[Stored data entries]
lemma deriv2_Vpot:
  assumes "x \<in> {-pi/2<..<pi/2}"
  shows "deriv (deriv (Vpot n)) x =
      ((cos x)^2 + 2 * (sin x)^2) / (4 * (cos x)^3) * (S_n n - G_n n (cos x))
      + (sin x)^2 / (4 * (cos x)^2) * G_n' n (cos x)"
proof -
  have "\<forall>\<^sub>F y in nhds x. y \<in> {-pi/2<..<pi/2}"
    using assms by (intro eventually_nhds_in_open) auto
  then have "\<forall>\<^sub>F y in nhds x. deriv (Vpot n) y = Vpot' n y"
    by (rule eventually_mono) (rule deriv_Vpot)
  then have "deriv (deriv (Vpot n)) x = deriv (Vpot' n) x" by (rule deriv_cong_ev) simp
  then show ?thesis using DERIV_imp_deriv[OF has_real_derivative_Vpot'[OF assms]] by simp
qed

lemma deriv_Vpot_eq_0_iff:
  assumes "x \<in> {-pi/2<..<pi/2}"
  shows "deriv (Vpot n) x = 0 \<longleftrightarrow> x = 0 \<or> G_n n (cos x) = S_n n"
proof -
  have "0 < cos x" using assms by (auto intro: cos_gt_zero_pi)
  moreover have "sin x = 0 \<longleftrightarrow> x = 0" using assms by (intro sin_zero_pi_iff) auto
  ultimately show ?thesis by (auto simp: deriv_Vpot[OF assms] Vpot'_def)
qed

...

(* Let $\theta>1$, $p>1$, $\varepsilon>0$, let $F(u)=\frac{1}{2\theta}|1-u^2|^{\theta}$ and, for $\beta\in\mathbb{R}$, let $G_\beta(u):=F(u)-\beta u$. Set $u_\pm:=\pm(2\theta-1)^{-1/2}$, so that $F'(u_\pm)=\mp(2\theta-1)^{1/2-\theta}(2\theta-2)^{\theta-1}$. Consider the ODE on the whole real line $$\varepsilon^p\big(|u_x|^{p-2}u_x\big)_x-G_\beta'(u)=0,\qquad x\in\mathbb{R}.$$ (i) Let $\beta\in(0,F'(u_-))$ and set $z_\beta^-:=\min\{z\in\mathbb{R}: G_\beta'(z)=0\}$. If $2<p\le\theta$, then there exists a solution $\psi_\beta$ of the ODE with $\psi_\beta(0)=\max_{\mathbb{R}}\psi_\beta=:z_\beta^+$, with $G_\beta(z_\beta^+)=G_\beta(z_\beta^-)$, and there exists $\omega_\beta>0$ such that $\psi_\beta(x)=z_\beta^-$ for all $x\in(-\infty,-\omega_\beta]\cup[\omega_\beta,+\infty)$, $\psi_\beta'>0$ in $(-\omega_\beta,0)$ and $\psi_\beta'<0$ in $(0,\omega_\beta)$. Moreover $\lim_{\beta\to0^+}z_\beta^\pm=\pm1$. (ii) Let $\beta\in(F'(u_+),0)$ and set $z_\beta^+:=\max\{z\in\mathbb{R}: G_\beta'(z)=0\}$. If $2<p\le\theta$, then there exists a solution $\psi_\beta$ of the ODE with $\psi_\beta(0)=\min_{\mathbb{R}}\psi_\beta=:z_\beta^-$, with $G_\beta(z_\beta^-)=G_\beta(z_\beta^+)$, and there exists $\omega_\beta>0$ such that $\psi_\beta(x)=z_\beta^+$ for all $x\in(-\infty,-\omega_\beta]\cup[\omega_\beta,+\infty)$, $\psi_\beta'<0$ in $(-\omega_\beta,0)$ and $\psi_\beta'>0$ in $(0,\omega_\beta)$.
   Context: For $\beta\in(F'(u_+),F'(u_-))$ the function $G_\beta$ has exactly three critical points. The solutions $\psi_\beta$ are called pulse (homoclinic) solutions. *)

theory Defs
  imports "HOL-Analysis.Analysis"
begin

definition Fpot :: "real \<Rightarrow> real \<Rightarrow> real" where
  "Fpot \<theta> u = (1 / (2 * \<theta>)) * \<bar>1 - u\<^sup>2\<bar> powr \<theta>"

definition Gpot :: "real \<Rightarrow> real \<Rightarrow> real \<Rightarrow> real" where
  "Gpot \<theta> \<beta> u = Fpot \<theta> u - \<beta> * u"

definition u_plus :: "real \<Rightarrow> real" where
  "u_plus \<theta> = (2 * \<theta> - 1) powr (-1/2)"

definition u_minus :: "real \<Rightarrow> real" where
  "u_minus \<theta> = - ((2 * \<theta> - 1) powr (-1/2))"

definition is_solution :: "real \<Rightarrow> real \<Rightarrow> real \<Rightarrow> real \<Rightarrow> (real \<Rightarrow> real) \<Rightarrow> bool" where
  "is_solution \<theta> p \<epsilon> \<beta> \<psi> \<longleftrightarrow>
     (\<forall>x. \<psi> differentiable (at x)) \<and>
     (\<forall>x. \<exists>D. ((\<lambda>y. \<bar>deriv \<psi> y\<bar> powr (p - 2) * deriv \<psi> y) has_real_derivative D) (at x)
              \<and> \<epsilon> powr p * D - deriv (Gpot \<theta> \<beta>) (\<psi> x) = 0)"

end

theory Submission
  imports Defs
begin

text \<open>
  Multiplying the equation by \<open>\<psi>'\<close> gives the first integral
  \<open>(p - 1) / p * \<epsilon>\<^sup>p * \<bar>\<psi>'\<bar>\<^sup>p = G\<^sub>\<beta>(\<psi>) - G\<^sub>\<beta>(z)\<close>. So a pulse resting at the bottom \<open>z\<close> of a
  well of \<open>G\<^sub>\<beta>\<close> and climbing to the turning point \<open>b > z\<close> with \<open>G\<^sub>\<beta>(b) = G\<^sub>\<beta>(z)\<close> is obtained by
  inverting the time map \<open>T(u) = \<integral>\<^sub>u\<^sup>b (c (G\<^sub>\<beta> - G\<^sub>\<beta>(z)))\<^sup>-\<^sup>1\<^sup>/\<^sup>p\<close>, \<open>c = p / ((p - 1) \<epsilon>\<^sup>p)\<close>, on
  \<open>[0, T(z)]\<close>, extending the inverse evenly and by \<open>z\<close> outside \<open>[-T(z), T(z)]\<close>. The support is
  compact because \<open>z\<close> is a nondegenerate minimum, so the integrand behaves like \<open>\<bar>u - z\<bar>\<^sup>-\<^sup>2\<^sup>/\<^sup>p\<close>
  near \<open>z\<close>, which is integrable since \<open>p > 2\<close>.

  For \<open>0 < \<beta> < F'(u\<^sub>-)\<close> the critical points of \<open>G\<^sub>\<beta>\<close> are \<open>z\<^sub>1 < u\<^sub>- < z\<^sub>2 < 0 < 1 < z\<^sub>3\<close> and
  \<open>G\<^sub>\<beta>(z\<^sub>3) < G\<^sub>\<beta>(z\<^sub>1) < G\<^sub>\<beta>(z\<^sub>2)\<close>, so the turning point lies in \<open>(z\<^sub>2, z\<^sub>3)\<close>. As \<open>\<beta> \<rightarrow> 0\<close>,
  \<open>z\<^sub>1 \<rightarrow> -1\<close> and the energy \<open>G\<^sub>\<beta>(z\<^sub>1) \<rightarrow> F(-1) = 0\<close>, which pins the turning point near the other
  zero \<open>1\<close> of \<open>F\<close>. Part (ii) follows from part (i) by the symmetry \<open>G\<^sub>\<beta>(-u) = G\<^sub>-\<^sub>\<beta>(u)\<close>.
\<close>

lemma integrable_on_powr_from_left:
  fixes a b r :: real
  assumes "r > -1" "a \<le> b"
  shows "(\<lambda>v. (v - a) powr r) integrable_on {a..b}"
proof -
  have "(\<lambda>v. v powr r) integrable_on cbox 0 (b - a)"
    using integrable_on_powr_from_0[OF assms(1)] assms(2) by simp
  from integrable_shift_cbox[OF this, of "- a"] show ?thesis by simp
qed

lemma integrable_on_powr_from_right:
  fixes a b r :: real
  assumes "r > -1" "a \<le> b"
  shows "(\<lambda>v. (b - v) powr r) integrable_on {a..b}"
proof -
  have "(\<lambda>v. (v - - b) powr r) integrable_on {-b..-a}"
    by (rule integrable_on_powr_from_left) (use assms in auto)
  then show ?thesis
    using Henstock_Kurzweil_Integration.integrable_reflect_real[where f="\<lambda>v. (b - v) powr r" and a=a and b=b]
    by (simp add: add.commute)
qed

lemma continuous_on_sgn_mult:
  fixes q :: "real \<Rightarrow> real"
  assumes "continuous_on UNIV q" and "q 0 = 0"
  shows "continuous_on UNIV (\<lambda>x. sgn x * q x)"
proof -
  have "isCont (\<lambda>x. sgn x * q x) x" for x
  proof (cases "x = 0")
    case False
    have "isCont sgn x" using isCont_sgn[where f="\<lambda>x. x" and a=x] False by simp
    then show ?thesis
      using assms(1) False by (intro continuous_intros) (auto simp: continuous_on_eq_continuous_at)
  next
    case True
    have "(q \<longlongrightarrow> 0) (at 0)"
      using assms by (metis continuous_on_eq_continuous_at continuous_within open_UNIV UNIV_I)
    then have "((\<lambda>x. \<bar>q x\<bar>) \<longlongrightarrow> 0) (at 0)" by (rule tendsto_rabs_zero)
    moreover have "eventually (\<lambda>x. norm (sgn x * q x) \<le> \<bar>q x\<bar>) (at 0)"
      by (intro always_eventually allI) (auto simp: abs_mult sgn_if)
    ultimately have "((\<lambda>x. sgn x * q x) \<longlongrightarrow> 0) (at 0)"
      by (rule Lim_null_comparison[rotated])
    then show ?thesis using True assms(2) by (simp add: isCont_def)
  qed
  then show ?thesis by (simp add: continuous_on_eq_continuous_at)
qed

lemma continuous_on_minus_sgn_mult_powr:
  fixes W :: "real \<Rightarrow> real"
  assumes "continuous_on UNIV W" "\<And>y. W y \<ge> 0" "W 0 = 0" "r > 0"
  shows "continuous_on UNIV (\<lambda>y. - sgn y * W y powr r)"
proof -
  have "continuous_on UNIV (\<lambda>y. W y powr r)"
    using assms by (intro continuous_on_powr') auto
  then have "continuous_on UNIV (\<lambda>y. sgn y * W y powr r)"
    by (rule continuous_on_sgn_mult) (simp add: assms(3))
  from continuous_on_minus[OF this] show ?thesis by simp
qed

- _What to produce_: Each line that includes the string "forall" should be copied from the data.

- _Exercise output_:
  have "\<forall>\<^sub>F y in nhds x. y \<in> {-pi/2<..<pi/2}"
  then have "\<forall>\<^sub>F y in nhds x. deriv (Vpot n) y = Vpot' n y"
     (\<forall>x. \<psi> differentiable (at x)) \<and>
     (\<forall>x. \<exists>D. ((\<lambda>y. \<bar>deriv \<psi> y\<bar> powr (p - 2) * deriv \<psi> y) has_real_derivative D) (at x)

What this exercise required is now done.